Stored data
━━━━━━
(* Let $T\in\mathbb{N}$. Assume there exists a measurable function $K:\mathbb{Y}\times\mathbb{R}^{n_\epsilon}\to\mathbb{Y}$ such that $H(x,e)=K(h(x),e)$ for all $x\in\mathbb{X}$, $e\in\mathbb{R}^{n_\epsilon}$, and that for all probability measures $\nu,\nu'$ on $\mathbb{Y}^{T+1}$ with $\nu\neq\nu'$ there exists a Borel set $A\subset\mathbb{Y}^{T+1}$ with $$\int_{\mathbb{Y}^{T+1}}\mathbb{P}[K(\hat\gamma,\epsilon)\in A]\,d\nu(\hat\gamma)\neq\int_{\mathbb{Y}^{T+1}}\mathbb{P}[K(\hat\gamma,\epsilon)\in A]\,d\nu'(\hat\gamma),$$ where $\epsilon=(\epsilon_0,\dots,\epsilon_T)$ and $K$ is applied element-wise, $K(\hat\gamma,\epsilon)=(K(\hat\gamma_0,\epsilon_0),\dots,K(\hat\gamma_T,\epsilon_T))$. Assume moreover that there is no process noise, i.e., $\eta_t=0$ almost surely for all $t$. Then for all $x_a,x_b\in\mathbb{X}$, $x_a$ and $x_b$ are distinguishable in time $T$ for the deterministic system if and only if they are distributionally distinguishable in time $T$ for the stochastic system.
   Context: Let $\mathbb{X}\subset\mathbb{R}^{n_x}$ and $\mathbb{Y}\subset\mathbb{R}^{n_y}$ be open sets with their Borel $\sigma$-algebras; random variables live on a probability space $(\Omega,\mathcal{A},\mathbb{P})$. The deterministic system is $x_{t+1}=f(x_t)$, $y_t=h(x_t)$ with $f:\mathbb{X}\to\mathbb{X}$, $h:\mathbb{X}\to\mathbb{Y}$; $\phi(t,x_0)$ is its state at time $t$ from $x_0$ and $\gamma(T,x_0)=(h(\phi(0,x_0)),\dots,h(\phi(T,x_0)))\in\mathbb{Y}^{T+1}$. Two states $x_a,x_b$ are distinguishable in time $T$ for the deterministic system if $\gamma(T,x_a)\neq\gamma(T,x_b)$. The stochastic system is $X_{t+1}=F(X_t,\eta_t)$, $Y_t=H(X_t,\epsilon_t)$ with random $\eta_t\in\mathbb{R}^{n_\eta}$, $\epsilon_t\in\mathbb{R}^{n_\epsilon}$, $F(x,0)=f(x)$, $H(x,0)=h(x)$, $X_0\sim\mu$ for a probability measure $\mu$ on $\mathbb{X}$, and $\eta_t,\epsilon_t$ independent of $(X_s)_{s\le t}$. $\Phi(t,\mu)$ is the random state at time $t$ from $X_0\sim\mu$; $\Gamma(T,\mu)=(H(\Phi(0,\mu),\epsilon_0),\dots,H(\Phi(T,\mu),\epsilon_T))$ with law $\mathbb{P}^T_\mu$. Initial distributions $\mu_a,\mu_b$ are distributionally distinguishable in time $T$ if $\mathbb{P}^T_{\mu_a}\neq\mathbb{P}^T_{\mu_b}$; for states $x$, one uses the Dirac measure $\delta_x$ as initial distribution. *)

theory Defs
  imports "HOL-Probability.Probability"
begin

definition phi :: "('x \<Rightarrow> 'x) \<Rightarrow> nat \<Rightarrow> 'x \<Rightarrow> 'x" where
  "phi f t x0 = (f ^^ t) x0"

text \<open>Output trajectory (h(phi 0 x0), ..., h(phi T x0)), as an element of Y^{T+1}
  indexed by {..T}.\<close>
definition gamma :: "('x \<Rightarrow> 'x) \<Rightarrow> ('x \<Rightarrow> 'y) \<Rightarrow> nat \<Rightarrow> 'x \<Rightarrow> (nat \<Rightarrow> 'y)" where
  "gamma f h T x0 = (\<lambda>t\<in>{..T}. h (phi f t x0))"

definition det_distinguishable ::
  "('x \<Rightarrow> 'x) \<Rightarrow> ('x \<Rightarrow> 'y) \<Rightarrow> nat \<Rightarrow> 'x \<Rightarrow> 'x \<Rightarrow> bool" where
  "det_distinguishable f h T xa xb \<longleftrightarrow> gamma f h T xa \<noteq> gamma f h T xb"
━━━━━━
Aim of the task: From the records above, pull out every line containing the word "definition".

Reply to the exercise:
definition phi :: "('x \<Rightarrow> 'x) \<Rightarrow> nat \<Rightarrow> 'x \<Rightarrow> 'x" where
definition gamma :: "('x \<Rightarrow> 'x) \<Rightarrow> ('x \<Rightarrow> 'y) \<Rightarrow> nat \<Rightarrow> 'x \<Rightarrow> (nat \<Rightarrow> 'y)" where
definition det_distinguishable ::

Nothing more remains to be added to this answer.